As Governor Bello Matawalle of Zamfara said, there are no less than 30,000 armed men in more than 100 camps in and around the state. He said that the bandits’ grip on the state is such that they have collected 970 million naira from the families of their victims in the eight years between 2011 and 2019. During the same period, the bandits have killed 2,619 people and kidnapped 1,190 others. In recent years, a significant proportion of farmers have been unable to visit their farms out of fear, as such food insecurity is looming on the horizon.

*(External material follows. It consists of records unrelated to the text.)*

(* Let $F$ be an APN bijection of $\mathbb F_2^m$ with $F(0)=0$ and $S=STS(\mathcal H^n)$. Then every rotation line at every nonzero point of the self-embedding $S\cup F(S)$ has at least $6$ and at most $2^m-2$ points.
   Context: $n=2^m-1$; identify $\mathbb F_2^m$ with $GF(2^m)$. $F$ is APN if for all $a,b$ with $b\ne0$ the equation $F(x)+F(x+b)=a$ has at most two solutions. $S=STS(\mathcal H^n)$ is the set of 3-subsets $\{a,b,c\}$ of nonzero elements with $a+b+c=0$; $F(S)=\{\{F(a),F(b),F(c)\}:\{a,b,c\}\in S\}$. For nonzero $a$, let $P_a=\mathbb F_2^m\setminus\{0,a\}$, $s_a(y)=a+y$ and $\psi_a(y)=F(F^{-1}(a)+F^{-1}(y))$. The rotation lines at $a$ are the orbits on $P_a$ of the group generated by $s_a,\psi_a$; the number of points of a rotation line is the size of the orbit. *)

theory Defs
  imports "HOL-Analysis.Finite_Cartesian_Product" "HOL-Library.Z2"
begin

text \<open>The ambient space F_2^m is modelled as the type bit ^ 'm, with m = CARD('m).
  Only its additive structure is used.\<close>

instance bit :: finite
proof
  have "(UNIV :: bit set) = {0, 1}"
    by (auto intro: bit_not_zero_iff[THEN iffD1])
  then show "finite (UNIV :: bit set)" by (metis finite.emptyI finite_insert)
qed

definition APN :: "('b::{finite,ab_group_add} \<Rightarrow> 'b) \<Rightarrow> bool" where
  "APN F \<longleftrightarrow> (\<forall>a b. b \<noteq> 0 \<longrightarrow> card {x. F x + F (x + b) = a} \<le> 2)"

definition P_pts :: "'b::{finite,ab_group_add} \<Rightarrow> 'b set" where
  "P_pts a = UNIV - {0, a}"

definition s_map :: "'b::{finite,ab_group_add} \<Rightarrow> 'b \<Rightarrow> 'b" where
  "s_map a y = a + y"

definition psi_map :: "('b::{finite,ab_group_add} \<Rightarrow> 'b) \<Rightarrow> 'b \<Rightarrow> 'b \<Rightarrow> 'b" where
  "psi_map F a y = F (inv F a + inv F y)"

text \<open>One-step relation on P_a given by the two generators; the orbit of y under the
  group generated by s_a and psi_a is its class under the reflexive, symmetric,
  transitive closure of this relation.\<close>

definition gen_rel :: "('b::{finite,ab_group_add} \<Rightarrow> 'b) \<Rightarrow> 'b \<Rightarrow> ('b \<times> 'b) set" where
  "gen_rel F a = {(y, s_map a y) | y. y \<in> P_pts a} \<union> {(y, psi_map F a y) | y. y \<in> P_pts a}"

definition rotation_line :: "('b::{finite,ab_group_add} \<Rightarrow> 'b) \<Rightarrow> 'b \<Rightarrow> 'b \<Rightarrow> 'b set" where
  "rotation_line F a y = {z. (y, z) \<in> (gen_rel F a \<union> (gen_rel F a)\<inverse>)\<^sup>*}"

end

theory Submission
  imports Defs
begin

text \<open>Both generators of the rotation group at a are fixed-point-free involutions of P_a:
  s_a trivially, and psi_a because it is s_u conjugated by F, where F u = a.
  APN-ness says that a nonzero derivative x \<mapsto> F x + F (x + d) takes each value only on
  one pair {x, x + d}. With d = u this gives psi_a y \<noteq> s_a y on P_a, and with
  d = inv F y + inv F (a + y) it shows that s_a and psi_a do not commute at y.
  These relations force the six points y, s y, psi y, s psi y, psi s y, s psi s y of the
  rotation line through y to be pairwise distinct.\<close>

class boolean_group = ab_group_add +
  assumes add_self [simp]: "x + x = 0"
begin

lemma add_self_left [simp]: "x + (x + y) = y"
  by (simp flip: add.assoc)

lemma add_eq_iff_eq_add: "x + y = z \<longleftrightarrow> y = x + z"
  by auto

end

instance bit :: boolean_group
proof
  fix x :: bit
  show "x + x = 0"
    by (cases "x = 0") (simp_all add: one_add_one)
qed

instance vec :: (boolean_group, finite) boolean_group
  by standard (simp add: vec_eq_iff)

lemma CARD_bit: "CARD(bit) = 2"
proof -
  have "(UNIV :: bit set) = {0, 1}"
    by (auto intro: bit_not_zero_iff[THEN iffD1])
  moreover have "card {0::bit, 1} = 2" by simp
  ultimately show ?thesis by metis
qed

lemma card_orbit_of_two_involutions:
  assumes "y \<in> A" and "\<sigma> ` A \<subseteq> A" and "\<tau> ` A \<subseteq> A"
    and "\<And>z. z \<in> A \<Longrightarrow> \<sigma> (\<sigma> z) = z" and "\<And>z. z \<in> A \<Longrightarrow> \<tau> (\<tau> z) = z"
    and "\<And>z. z \<in> A \<Longrightarrow> \<sigma> z \<noteq> z" and "\<And>z. z \<in> A \<Longrightarrow> \<tau> z \<noteq> z"
    and "\<And>z. z \<in> A \<Longrightarrow> \<sigma> z \<noteq> \<tau> z"
    and "\<tau> (\<sigma> y) \<noteq> \<sigma> (\<tau> y)"
  shows "card {y, \<sigma> y, \<tau> y, \<sigma> (\<tau> y), \<tau> (\<sigma> y), \<sigma> (\<tau> (\<sigma> y))} = 6"
proof -
  have A: "\<sigma> y \<in> A" "\<tau> y \<in> A" "\<tau> (\<sigma> y) \<in> A"
    using assms(1-3) by auto
  have "\<sigma> (\<sigma> y) = y" "\<tau> (\<tau> y) = y" "\<sigma> (\<sigma> (\<tau> y)) = \<tau> y" "\<tau> (\<tau> (\<sigma> y)) = \<sigma> y"
    "\<sigma> (\<sigma> (\<tau> (\<sigma> y))) = \<tau> (\<sigma> y)"
    and "\<sigma> y \<noteq> y" "\<tau> y \<noteq> y" "\<sigma> y \<noteq> \<tau> y" "\<sigma> (\<tau> y) \<noteq> \<tau> y" "\<tau> (\<sigma> y) \<noteq> \<sigma> y"
    "\<sigma> (\<tau> (\<sigma> y)) \<noteq> \<tau> (\<sigma> y)"
    using assms(1,4-8) A by auto
  then show ?thesis
    using assms(9) by (simp add: card_insert_if) metis
qed

lemma APN_derivative_eq:
  fixes F :: "'b::{finite,boolean_group} \<Rightarrow> 'b"
  assumes "APN F" and "d \<noteq> 0" and "F x + F (x + d) = F y + F (y + d)"
  shows "y = x \<or> y = x + d"
proof (rule ccontr)
  assume "\<not> (y = x \<or> y = x + d)"
  moreover have "x \<noteq> x + d"
    using \<open>d \<noteq> 0\<close> by (metis add_self_left add_0_right)
  ultimately have "3 = card {x, x + d, y}" by auto
  also have "\<dots> \<le> card {z. F z + F (z + d) = F x + F (x + d)}"
    using assms(3) by (intro card_mono) (auto simp: add.commute)
  also have "\<dots> \<le> 2"
    using assms(1,2) by (simp add: APN_def)
  finally show False by simp
qed

lemma P_pts_iff: "y \<in> P_pts a \<longleftrightarrow> y \<noteq> 0 \<and> y \<noteq> a"
  by (simp add: P_pts_def)

lemma card_P_pts:
  assumes "a \<noteq> (0::'b::{finite,ab_group_add})"
  shows "card (P_pts a) = CARD('b) - 2"
  using assms by (simp add: P_pts_def card_Diff_subset)

lemma s_map_in_P_pts:
  fixes a :: "'b::{finite,boolean_group}"
  shows "y \<in> P_pts a \<Longrightarrow> s_map a y \<in> P_pts a"
  by (auto simp: P_pts_iff s_map_def add_eq_iff_eq_add)

lemma s_map_s_map [simp]: "s_map a (s_map a y) = (y::'b::{finite,boolean_group})"
  by (simp add: s_map_def)

lemma s_map_neq_self:
  "a \<noteq> 0 \<Longrightarrow> s_map a y \<noteq> (y::'b::{finite,boolean_group})"
  by (simp add: s_map_def add_eq_iff_eq_add)

lemma psi_map_apply:
  assumes "bij F"
  shows "psi_map F (F u) (F x) = F (u + x)"
  using assms by (simp add: psi_map_def bij_is_inj)

lemma self_mem_rotation_line: "y \<in> rotation_line F a y"
  by (simp add: rotation_line_def)

lemma rotation_line_step:
  assumes "z \<in> rotation_line F a y" and "(z, w) \<in> gen_rel F a"
  shows "w \<in> rotation_line F a y"
  using assms unfolding rotation_line_def
  by (metis (mono_tags) UnI1 mem_Collect_eq rtrancl.rtrancl_into_rtrancl)

lemma s_map_mem_rotation_line:
  "z \<in> rotation_line F a y \<Longrightarrow> z \<in> P_pts a \<Longrightarrow> s_map a z \<in> rotation_line F a y"
  by (rule rotation_line_step) (auto simp: gen_rel_def)

lemma psi_map_mem_rotation_line:
  "z \<in> rotation_line F a y \<Longrightarrow> z \<in> P_pts a \<Longrightarrow> psi_map F a z \<in> rotation_line F a y"
  by (rule rotation_line_step) (auto simp: gen_rel_def)

context
  fixes F :: "'b::{finite,boolean_group} \<Rightarrow> 'b"
  assumes bij: "bij F" and F_0: "F 0 = 0"
begin

lemma F_eq_0_iff [simp]: "F x = 0 \<longleftrightarrow> x = 0"
  using bij F_0 by (metis bij_is_inj injD)

lemma preimageE:
  obtains x where "y = F x"
  using bij by (metis bij_is_surj surj_f_inv_f)

lemma psi_map_psi_map [simp]: "psi_map F a (psi_map F a y) = y"
proof -
  obtain u x where "a = F u" "y = F x"
    using preimageE by metis
  then show ?thesis
    using bij by (simp add: psi_map_apply)
qed

lemma psi_map_neq_self:
  assumes "a \<noteq> 0"
  shows "psi_map F a y \<noteq> y"
proof -
  obtain u x where "a = F u" "y = F x"
    using preimageE by metis
  moreover have "u \<noteq> 0" using assms \<open>a = F u\<close> by simp
  ultimately show ?thesis
    using bij by (simp add: psi_map_apply bij_is_inj inj_eq add_eq_iff_eq_add)
qed

lemma psi_map_in_P_pts:
  assumes "y \<in> P_pts a"
  shows "psi_map F a y \<in> P_pts a"
proof -
  obtain u x where ux: "a = F u" "y = F x"
    using preimageE by metis
  then have "x \<noteq> 0" "x \<noteq> u"
    using assms by (auto simp: P_pts_iff)
  then show ?thesis
    using bij ux by (auto simp: P_pts_iff psi_map_apply bij_is_inj inj_eq add_eq_iff_eq_add)
qed

lemma rotation_line_subset_P_pts:
  assumes "y \<in> P_pts a"
  shows "rotation_line F a y \<subseteq> P_pts a"
proof
  fix z
  assume "z \<in> rotation_line F a y"
  then have "(y, z) \<in> (gen_rel F a \<union> (gen_rel F a)\<inverse>)\<^sup>*"
    by (simp add: rotation_line_def)
  then show "z \<in> P_pts a"
    by induction (auto simp: assms gen_rel_def s_map_in_P_pts psi_map_in_P_pts)
qed

lemma card_rotation_line_le:
  assumes "a \<noteq> 0" and "y \<in> P_pts a"
  shows "card (rotation_line F a y) \<le> CARD('b) - 2"
  using card_mono[OF finite rotation_line_subset_P_pts[OF assms(2)]] card_P_pts[OF assms(1)]
  by simp

context
  assumes APN: "APN F"
begin

lemma psi_map_neq_s_map:
  assumes "a \<noteq> 0" and "y \<in> P_pts a"
  shows "psi_map F a y \<noteq> s_map a y"
proof
  obtain u x where ux: "a = F u" "y = F x"
    using preimageE by metis
  have "u \<noteq> 0"
    using assms(1) ux by simp
  assume "psi_map F a y = s_map a y"
  then have "F (u + x) = F u + F x"
    using bij ux by (simp add: psi_map_apply s_map_def)
  then have "F 0 + F (0 + u) = F x + F (x + u)"
    by (simp add: F_0 add.commute)
  then have "x = 0 \<or> x = 0 + u"
    by (rule APN_derivative_eq[OF APN \<open>u \<noteq> 0\<close>])
  then show False
    using assms(2) ux by (auto simp: P_pts_iff)
qed

lemma psi_map_s_map_neq:
  assumes "a \<noteq> 0" and "y \<in> P_pts a"
  shows "psi_map F a (s_map a y) \<noteq> s_map a (psi_map F a y)"
proof
  obtain u x w where uxw: "a = F u" "y = F x" "s_map a y = F w"
    using preimageE by metis
  have "u \<noteq> 0"
    using assms(1) uxw by simp
  have "F w = F x + F u"
    using uxw by (simp add: s_map_def add.commute)
  then have Fw: "F x + F w = F u"
    by simp
  have "x + w \<noteq> 0"
  proof
    assume "x + w = 0"
    then have "w = x"
      by (metis add_self_left add_0_right)
    with Fw \<open>u \<noteq> 0\<close> show False
      by simp
  qed
  assume "psi_map F a (s_map a y) = s_map a (psi_map F a y)"
  then have "F (u + w) = F (u + x) + F u"
    using bij uxw by (simp add: psi_map_apply s_map_def add.commute)
  then have "F (u + x) + F (u + w) = F u"
    by simp
  with Fw have "F x + F (x + (x + w)) = F (u + x) + F (u + x + (x + w))"
    by (simp add: add.assoc)
  then have "u + x = x \<or> u + x = x + (x + w)"
    by (rule APN_derivative_eq[OF APN \<open>x + w \<noteq> 0\<close>])
  moreover have "u + x \<noteq> x"
    using \<open>u \<noteq> 0\<close> by simp
  moreover have "F (u + x) \<noteq> F w"
    using psi_map_neq_s_map[OF assms] bij uxw by (simp add: psi_map_apply)
  ultimately show False
    by (metis add_self_left)
qed

lemma card_rotation_line_ge_6:
  assumes "a \<noteq> 0" and "y \<in> P_pts a"
  shows "6 \<le> card (rotation_line F a y)"
proof -
  let ?s = "s_map a" and ?\<psi> = "psi_map F a"
  have "card {y, ?s y, ?\<psi> y, ?s (?\<psi> y), ?\<psi> (?s y), ?s (?\<psi> (?s y))} = 6"
  proof (rule card_orbit_of_two_involutions[where A = "P_pts a"])
    show "?s ` P_pts a \<subseteq> P_pts a" "?\<psi> ` P_pts a \<subseteq> P_pts a"
      using s_map_in_P_pts psi_map_in_P_pts by blast+
    show "\<And>z. ?s z \<noteq> z" "\<And>z. ?\<psi> z \<noteq> z"
      using assms(1) s_map_neq_self psi_map_neq_self by blast+
    show "\<And>z. z \<in> P_pts a \<Longrightarrow> ?s z \<noteq> ?\<psi> z"
      using assms(1) psi_map_neq_s_map by (metis (no_types))
    show "?\<psi> (?s y) \<noteq> ?s (?\<psi> y)"
      using assms by (rule psi_map_s_map_neq)
  qed (simp_all add: assms(2))
  moreover have "{y, ?s y, ?\<psi> y, ?s (?\<psi> y), ?\<psi> (?s y), ?s (?\<psi> (?s y))}
      \<subseteq> rotation_line F a y"
  proof -
    have "?s z \<in> rotation_line F a y \<and> ?\<psi> z \<in> rotation_line F a y"
      if "z \<in> rotation_line F a y" for z
      using that rotation_line_subset_P_pts[OF assms(2)]
        s_map_mem_rotation_line psi_map_mem_rotation_line by blast
    then show ?thesis
      by (simp add: self_mem_rotation_line)
  qed
  ultimately show ?thesis
    using card_mono[OF finite] by metis
qed

end

end

theorem mainTheorem15:
  fixes F :: "bit ^ 'm \<Rightarrow> bit ^ 'm"
  assumes "bij F" and "APN F" and "F 0 = 0"
  shows "\<forall>a y. a \<noteq> 0 \<and> y \<in> P_pts a \<longrightarrow>
           6 \<le> card (rotation_line F a y) \<and> card (rotation_line F a y) \<le> 2 ^ CARD('m) - 2"
proof (intro allI impI, elim conjE)
  fix a y :: "bit ^ 'm"
  assume "a \<noteq> 0" and "y \<in> P_pts a"
  then show "6 \<le> card (rotation_line F a y) \<and> card (rotation_line F a y) \<le> 2 ^ CARD('m) - 2"
    using card_rotation_line_ge_6[OF assms(1,3,2)] card_rotation_line_le[OF assms(1,3)]
    by (simp add: CARD_bit)
qed

end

General Abdulsalam Abubakar, chairman of the National Peace Committee, told Nigeria in April this year that there were six million weapons in circulation in the hands of non-state actors in Nigeria and that they were using them. . The death toll, he estimates, is 80,000, while around three million people are internally displaced. The country finds itself at a point in our national trajectory where young Nigerians feel sufficiently marginalized from STATE and SOCIETY to procure arms and engage in self-help, which they variously define as banditry, scorched earth attacks on innocent village communities, accompanied by rape and other forms of sexual violence, in addition to the killing of security agents, and even the declaration of an Islamic caliphate in Nigeria.

There are too many groups that have discovered that getting an AK47 can be their path to wealth because they are not part of the government, where you can get rich by flying unarmed. It is the demographic time bomb we find ourselves in today.

Professor of political science and consultant / development expert, Jibrin Ibrahim is Senior Fellow of the Center for Democracy and Development and Chairman of the Editorial Board of PREMIUM TIMES.